Why This Post
Important follow-ups often start in email or Teams chat, but they get lost when they are not converted into a task system. This draft combines the email follow-up, Teams follow-up, and Todoist automation ideas into one stronger article.
What You Will End Up With
- A repeatable way to identify follow-up commitments from messages.
- A clean Todoist task format with due date, context, and source.
- A review-first workflow so AI suggestions do not create incorrect tasks automatically.
Recommended Workflow
Practical toolchain
- Outlook captures the email thread and sent follow-up context.
- Microsoft Teams captures quick commitments that rarely make it into formal notes.

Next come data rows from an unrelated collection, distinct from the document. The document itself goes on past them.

lemma sorted_close_of_counts:
  fixes W Z :: "'i \<Rightarrow> real"
  assumes "finite I" "0 < \<delta>" "i \<in> I"
    and R_irrefl: "\<And>i. \<not> R i i"
    and R_total: "\<And>i j. i \<in> I \<Longrightarrow> j \<in> I \<Longrightarrow> i \<noteq> j \<Longrightarrow> R i j \<or> R j i"
    and sorted_W: "\<And>i j. i \<in> I \<Longrightarrow> j \<in> I \<Longrightarrow> R i j \<Longrightarrow> W i \<le> W j"
    and sorted_Z: "\<And>i j. i \<in> I \<Longrightarrow> j \<in> I \<Longrightarrow> R i j \<Longrightarrow> Z i \<le> Z j"
    and W_gt: "\<And>i. i \<in> I \<Longrightarrow> m - \<delta>/8 < W i"
    and Z_le: "\<And>i. i \<in> I \<Longrightarrow> Z i \<le> M + \<delta>/8"
    and counts: "\<And>j::nat. m + j * \<delta> \<le> M \<Longrightarrow>
      card {i\<in>I. W i \<le> m - 3*\<delta>/8 + j * \<delta>} \<le> card {i\<in>I. Z i < m - 3*\<delta>/8 + j * \<delta> + \<delta>}"
  shows "Z i < W i + 3 * \<delta>"
proof (rule ccontr)
  assume "\<not> Z i < W i + 3 * \<delta>"
  moreover obtain j :: nat where j: "W i \<le> m - 3*\<delta>/8 + j * \<delta>" "m - 3*\<delta>/8 + j * \<delta> < W i + \<delta>"
    using exists_nat_step_between[of \<delta> "m - 3*\<delta>/8" "W i"] W_gt[OF \<open>i \<in> I\<close>] \<open>0 < \<delta>\<close> by auto
  ultimately have "m + j * \<delta> \<le> M"
    using Z_le[OF \<open>i \<in> I\<close>] by linarith
  have "card {k\<in>I. Z k < Z i} < card {k\<in>I. W k \<le> W i}"
    using assms(1,3) R_irrefl R_total sorted_W sorted_Z by (rule sorted_card_less_lt_card_le)
  also have "\<dots> \<le> card {k\<in>I. W k \<le> m - 3*\<delta>/8 + j * \<delta>}"
    using assms(1) j(1) by (intro card_mono) auto
  also have "\<dots> \<le> card {k\<in>I. Z k < m - 3*\<delta>/8 + j * \<delta> + \<delta>}"
    using counts[OF \<open>m + j * \<delta> \<le> M\<close>] .
  also have "\<dots> \<le> card {k\<in>I. Z k < Z i}"
    using assms(1,2) j(2) \<open>\<not> Z i < W i + 3 * \<delta>\<close> by (intro card_mono) auto
  finally show False
    by simp
qed

section \<open>Sorted arrangements with a common limit distribution\<close>

lemma finite_nat_mult_le:
  fixes \<delta> :: real
  assumes "0 < \<delta>"
  shows "finite {j::nat. m + j * \<delta> \<le> M}"
proof (rule finite_subset)
  show "{j::nat. m + j * \<delta> \<le> M} \<subseteq> {..nat \<lceil>(M - m) / \<delta>\<rceil>}"
  proof
    fix j assume "j \<in> {j::nat. m + j * \<delta> \<le> M}"
    then have "real j \<le> (M - m) / \<delta>"
      using assms by (simp add: field_simps)
    then have "real j \<le> real (nat \<lceil>(M - m) / \<delta>\<rceil>)"
      using real_nat_ceiling_ge order_trans by blast
    then show "j \<in> {..nat \<lceil>(M - m) / \<delta>\<rceil>}"
      by simp
  qed
qed simp

lemma eventually_sorted_upper_close:
  fixes W Z :: "nat \<Rightarrow> 'i \<Rightarrow> real" and L :: "(real \<Rightarrow> real) \<Rightarrow> real"
  assumes fin: "\<And>n. finite (I n)" and "0 < \<delta>"
    and R_irrefl: "\<And>i. \<not> R i i"
    and R_total: "\<And>n i j. i \<in> I n \<Longrightarrow> j \<in> I n \<Longrightarrow> i \<noteq> j \<Longrightarrow> R i j \<or> R j i"
    and sorted_W: "\<And>n i j. i \<in> I n \<Longrightarrow> j \<in> I n \<Longrightarrow> R i j \<Longrightarrow> W n i \<le> W n j"
    and sorted_Z: "\<And>n i j. i \<in> I n \<Longrightarrow> j \<in> I n \<Longrightarrow> R i j \<Longrightarrow> Z n i \<le> Z n j"
    and \<epsilon>: "\<epsilon> \<longlonglongrightarrow> 0"
    and W_range: "\<And>n i. i \<in> I n \<Longrightarrow> m - \<epsilon> n \<le> W n i \<and> W n i \<le> M + \<epsilon> n"
    and Z_range: "\<And>n i. i \<in> I n \<Longrightarrow> m - \<epsilon> n \<le> Z n i \<and> Z n i \<le> M + \<epsilon> n"
    and W_lim: "\<And>lo hi r. 0 < r \<Longrightarrow>
      (\<lambda>n. (\<Sum>i\<in>I n. trap lo hi r (W n i)) / real (card (I n))) \<longlonglongrightarrow> L (trap lo hi r)"
    and Z_lim: "\<And>lo hi r. 0 < r \<Longrightarrow>
      (\<lambda>n. (\<Sum>i\<in>I n. trap lo hi r (Z n i)) / real (card (I n))) \<longlonglongrightarrow> L (trap lo hi r)"
    and gap: "\<And>lo t r. 0 < r \<Longrightarrow> lo \<le> t \<Longrightarrow> m \<le> t + 3*r/4 \<Longrightarrow> t + 3*r/4 \<le> M \<Longrightarrow>
      L (trap lo t r) < L (trap lo (t + r) r)"
  shows "eventually (\<lambda>n. \<forall>i\<in>I n. Z n i < W n i + 3 * \<delta>) sequentially"
proof -
  define t where "t j = m - 3*\<delta>/8 + real j * \<delta>" for j :: nat
  have small: "eventually (\<lambda>n. \<bar>\<epsilon> n\<bar> < \<delta>/8) sequentially"
    using tendsto_rabs_zero[OF \<epsilon>] by (rule order_tendstoD) (use \<open>0 < \<delta>\<close> in simp)
  then have W_ge: "eventually (\<lambda>n. \<forall>i\<in>I n. m - \<delta> \<le> W n i) sequentially"
    by eventually_elim (use W_range in force)
  have "finite {j::nat. m + j * \<delta> \<le> M}"
    using \<open>0 < \<delta>\<close> by (rule finite_nat_mult_le)
  then have "eventually (\<lambda>n. \<forall>j\<in>{j::nat. m + j * \<delta> \<le> M}.
      card {i\<in>I n. W n i \<le> t j} \<le> card {i\<in>I n. Z n i < t j + 2 * (\<delta>/2)}) sequentially"
  proof (rule eventually_ball_finite, intro ballI)
    fix j :: nat assume "j \<in> {j::nat. m + j * \<delta> \<le> M}"
    moreover have "m - \<delta> \<le> t j"
      unfolding t_def using \<open>0 < \<delta>\<close> mult_nonneg_nonneg[of "real j" \<delta>] by linarith
    ultimately show "eventually (\<lambda>n. card {i\<in>I n. W n i \<le> t j} \<le> card {i\<in>I n. Z n i < t j + 2 * (\<delta>/2)}) sequentially"
      using \<open>0 < \<delta>\<close> unfolding t_def
      by (intro eventually_card_le_card_less[OF fin W_ge W_lim Z_lim] gap) auto
  qed
  with small show ?thesis
  proof eventually_elim
    case (elim n)
    show ?case
    proof
      fix i assume "i \<in> I n"
      show "Z n i < W n i + 3 * \<delta>"
      proof (rule sorted_close_of_counts[where R=R and m=m and M=M])
        show "m - \<delta>/8 < W n k" "Z n k \<le> M + \<delta>/8" if "k \<in> I n" for k
          using W_range[OF that] Z_range[OF that] elim(1) by auto
        show "card {k\<in>I n. W n k \<le> m - 3*\<delta>/8 + j * \<delta>} \<le> card {k\<in>I n. Z n k < m - 3*\<delta>/8 + j * \<delta> + \<delta>}"
          if "m + j * \<delta> \<le> M" for j :: nat
          using elim(2) that unfolding t_def by auto
      qed (use fin \<open>0 < \<delta>\<close> \<open>i \<in> I n\<close> R_irrefl R_total sorted_W sorted_Z in auto)
    qed
  qed
qed

lemma sorted_max_dist_tendsto_0:
  fixes U V :: "nat \<Rightarrow> 'i \<Rightarrow> real" and L :: "(real \<Rightarrow> real) \<Rightarrow> real"
  assumes fin: "\<And>n. finite (I n)"
    and nonempty: "eventually (\<lambda>n. I n \<noteq> {}) sequentially"
    and R_irrefl: "\<And>i. \<not> R i i"
    and R_total: "\<And>n i j. i \<in> I n \<Longrightarrow> j \<in> I n \<Longrightarrow> i \<noteq> j \<Longrightarrow> R i j \<or> R j i"
    and sorted_U: "\<And>n i j. i \<in> I n \<Longrightarrow> j \<in> I n \<Longrightarrow> R i j \<Longrightarrow> U n i \<le> U n j"
    and sorted_V: "\<And>n i j. i \<in> I n \<Longrightarrow> j \<in> I n \<Longrightarrow> R i j \<Longrightarrow> V n i \<le> V n j"
    and \<epsilon>: "\<epsilon> \<longlonglongrightarrow> 0"
    and U_range: "\<And>n i. i \<in> I n \<Longrightarrow> m - \<epsilon> n \<le> U n i \<and> U n i \<le> M + \<epsilon> n"
    and V_range: "\<And>n i. i \<in> I n \<Longrightarrow> m - \<epsilon> n \<le> V n i \<and> V n i \<le> M + \<epsilon> n"
    and U_lim: "\<And>lo hi r. 0 < r \<Longrightarrow>
      (\<lambda>n. (\<Sum>i\<in>I n. trap lo hi r (U n i)) / real (card (I n))) \<longlonglongrightarrow> L (trap lo hi r)"
    and V_lim: "\<And>lo hi r. 0 < r \<Longrightarrow>
      (\<lambda>n. (\<Sum>i\<in>I n. trap lo hi r (V n i)) / real (card (I n))) \<longlonglongrightarrow> L (trap lo hi r)"
    and gap: "\<And>lo t r. 0 < r \<Longrightarrow> lo \<le> t \<Longrightarrow> m \<le> t + 3*r/4 \<Longrightarrow> t + 3*r/4 \<le> M \<Longrightarrow>
      L (trap lo t r) < L (trap lo (t + r) r)"
  shows "(\<lambda>n. Max {\<bar>U n i - V n i\<bar> | i. i \<in> I n}) \<longlonglongrightarrow> 0"
proof (rule tendstoI)
  fix e :: real assume "0 < e"
  then have "0 < e/4"
    by simp
  have "eventually (\<lambda>n. \<forall>i\<in>I n. V n i < U n i + 3 * (e/4)) sequentially"
    using eventually_sorted_upper_close[where I=I and R=R and W=U and Z=V and L=L,
        OF fin \<open>0 < e/4\<close> R_irrefl R_total sorted_U sorted_V \<epsilon> U_range V_range U_lim V_lim gap] .
  moreover have "eventually (\<lambda>n. \<forall>i\<in>I n. U n i < V n i + 3 * (e/4)) sequentially"
    using eventually_sorted_upper_close[where I=I and R=R and W=V and Z=U and L=L,
        OF fin \<open>0 < e/4\<close> R_irrefl R_total sorted_V sorted_U \<epsilon> V_range U_range V_lim U_lim gap] .
  ultimately show "eventually (\<lambda>n. dist (Max {\<bar>U n i - V n i\<bar> | i. i \<in> I n}) 0 < e) sequentially"
    using nonempty
  proof eventually_elim
    case (elim n)
    have "Max {\<bar>U n i - V n i\<bar> | i. i \<in> I n} \<in> {\<bar>U n i - V n i\<bar> | i. i \<in> I n}"
      using fin[of n] elim(3) by (intro Max_in) auto
    then obtain i where "i \<in> I n" "Max {\<bar>U n i - V n i\<bar> | i. i \<in> I n} = \<bar>U n i - V n i\<bar>"
      by auto
    then show ?case
      using elim(1,2) \<open>0 < e\<close> by fastforce
  qed
qed

lemma sorted_rearrangement_max_dist_tendsto_0:
  fixes U V :: "nat \<Rightarrow> 'i \<Rightarrow> real" and L :: "(real \<Rightarrow> real) \<Rightarrow> real"
  assumes fin: "\<And>n. finite (I n)"
    and nonempty: "eventually (\<lambda>n. I n \<noteq> {}) sequentially"
    and R_irrefl: "\<And>i. \<not> R i i"
    and R_total: "\<And>n i j. i \<in> I n \<Longrightarrow> j \<in> I n \<Longrightarrow> i \<noteq> j \<Longrightarrow> R i j \<or> R j i"
    and \<epsilon>: "\<epsilon> \<longlonglongrightarrow> 0"
    and U_range: "\<And>n i. i \<in> I n \<Longrightarrow> m - \<epsilon> n \<le> U n i \<and> U n i \<le> M + \<epsilon> n"
    and V_range: "\<And>n i. i \<in> I n \<Longrightarrow> m - \<epsilon> n \<le> V n i \<and> V n i \<le> M + \<epsilon> n"
    and U_lim: "\<And>lo hi r. 0 < r \<Longrightarrow>
      (\<lambda>n. (\<Sum>i\<in>I n. trap lo hi r (U n i)) / real (card (I n))) \<longlonglongrightarrow> L (trap lo hi r)"
    and V_lim: "\<And>lo hi r. 0 < r \<Longrightarrow>
      (\<lambda>n. (\<Sum>i\<in>I n. trap lo hi r (V n i)) / real (card (I n))) \<longlonglongrightarrow> L (trap lo hi r)"
    and gap: "\<And>lo t r. 0 < r \<Longrightarrow> lo \<le> t \<Longrightarrow> m \<le> t + 3*r/4 \<Longrightarrow> t + 3*r/4 \<le> M \<Longrightarrow>
      L (trap lo t r) < L (trap lo (t + r) r)"
    and \<sigma>: "\<And>n. \<sigma> n permutes I n" and \<tau>: "\<And>n. \<tau> n permutes I n"
    and sorted: "\<And>n i j. i \<in> I n \<Longrightarrow> j \<in> I n \<Longrightarrow> R i j \<Longrightarrow>
      U n (\<sigma> n i) \<le> U n (\<sigma> n j) \<and> V n (\<tau> n i) \<le> V n (\<tau> n j)"
  shows "(\<lambda>n. Max {\<bar>U n (\<sigma> n i) - V n (\<tau> n i)\<bar> | i. i \<in> I n}) \<longlonglongrightarrow> 0"
proof (rule sorted_max_dist_tendsto_0[where I=I and R=R and L=L, OF fin nonempty R_irrefl R_total _ _ \<epsilon> _ _ _ _ gap])
  fix lo hi r :: real assume "0 < r"
  have "(\<Sum>i\<in>I n. trap lo hi r (U n (\<sigma> n i))) = (\<Sum>i\<in>I n. trap lo hi r (U n i))"
    "(\<Sum>i\<in>I n. trap lo hi r (V n (\<tau> n i))) = (\<Sum>i\<in>I n. trap lo hi r (V n i))" for n
    using sum.permute[OF \<sigma>[of n], of "\<lambda>i. trap lo hi r (U n i)"]
      sum.permute[OF \<tau>[of n], of "\<lambda>i. trap lo hi r (V n i)"] by (simp_all add: o_def)
  then show "(\<lambda>n. (\<Sum>i\<in>I n. trap lo hi r (U n (\<sigma> n i))) / real (card (I n))) \<longlonglongrightarrow> L (trap lo hi r)"
    "(\<lambda>n. (\<Sum>i\<in>I n. trap lo hi r (V n (\<tau> n i))) / real (card (I n))) \<longlonglongrightarrow> L (trap lo hi r)"
    using U_lim[OF \<open>0 < r\<close>] V_lim[OF \<open>0 < r\<close>] by simp_all
qed (use sorted U_range V_range permutes_in_image[OF \<sigma>] permutes_in_image[OF \<tau>] in auto)

lemma Min_Max_permutes_le:
  fixes u v :: "'i \<Rightarrow> real"
  assumes "finite I" "\<sigma> permutes I" "\<tau> permutes I"
  shows "Min {Max {\<bar>u i - v (\<pi> i)\<bar> | i. i \<in> I} | \<pi>. \<pi> permutes I} \<le> Max {\<bar>u (\<sigma> i) - v (\<tau> i)\<bar> | i. i \<in> I}"
proof -
  define \<pi> where "\<pi> = \<tau> \<circ> inv \<sigma>"
  have "\<pi> permutes I"
    unfolding \<pi>_def using assms by (intro permutes_compose permutes_inv)
  moreover have "{\<bar>u i - v (\<pi> i)\<bar> | i. i \<in> I} = {\<bar>u (\<sigma> i) - v (\<tau> i)\<bar> | i. i \<in> I}"
  proof -
    have "{\<bar>u i - v (\<pi> i)\<bar> | i. i \<in> I} = (\<lambda>i. \<bar>u i - v (\<pi> i)\<bar>) ` \<sigma> ` I"
      by (simp add: setcompr_eq_image permutes_image[OF assms(2)])
    also have "\<dots> = {\<bar>u (\<sigma> i) - v (\<tau> i)\<bar> | i. i \<in> I}"
      unfolding \<pi>_def image_image by (simp add: permutes_inverses(2)[OF assms(2)] setcompr_eq_image)
    finally show ?thesis .
  qed
  ultimately have "Max {\<bar>u (\<sigma> i) - v (\<tau> i)\<bar> | i. i \<in> I} \<in> {Max {\<bar>u i - v (\<pi> i)\<bar> | i. i \<in> I} | \<pi>. \<pi> permutes I}"
    by (intro CollectI exI[of _ \<pi>] conjI) simp_all
  then show ?thesis
    using finite_permutations[OF assms(1)] by (intro Min_le) auto
qed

- Copilot Pro or Microsoft 365 Copilot can extract candidate tasks, owners, dates, and confidence levels.
- Todoist becomes the personal execution layer once the extracted task is reviewed.
- Power Automate Desktop can later automate repetitive movement between tools, but only after the extraction rules are stable.
I would start manually with Copilot plus Todoist first. Once the task format is consistent, then automation becomes safer.
- Select the email thread or Teams message that contains the follow-up.
- Ask Copilot to extract commitments, owners, and due dates.
- Review the result manually.
- Create a Todoist task with a clear title, due date, project, and label.
- Add the source link or short context note so the task is traceable.
Prompt Template
From this email or Teams conversation, extract only real follow-up tasks.
Return a table with:
Task title, Owner, Due date, Source, Context, Confidence.
Do not invent dates. If no due date exists, mark it as No explicit due date.Todoist Task Format
Follow up with [person/team] on [specific outcome] due [date]
#Project @follow-up @work
Comment: Source: Outlook/Teams link or short context

Safety and Accuracy Notes
- Do not auto-create tasks without review unless the source is very structured.
- Keep personal/client-sensitive content out of screenshots.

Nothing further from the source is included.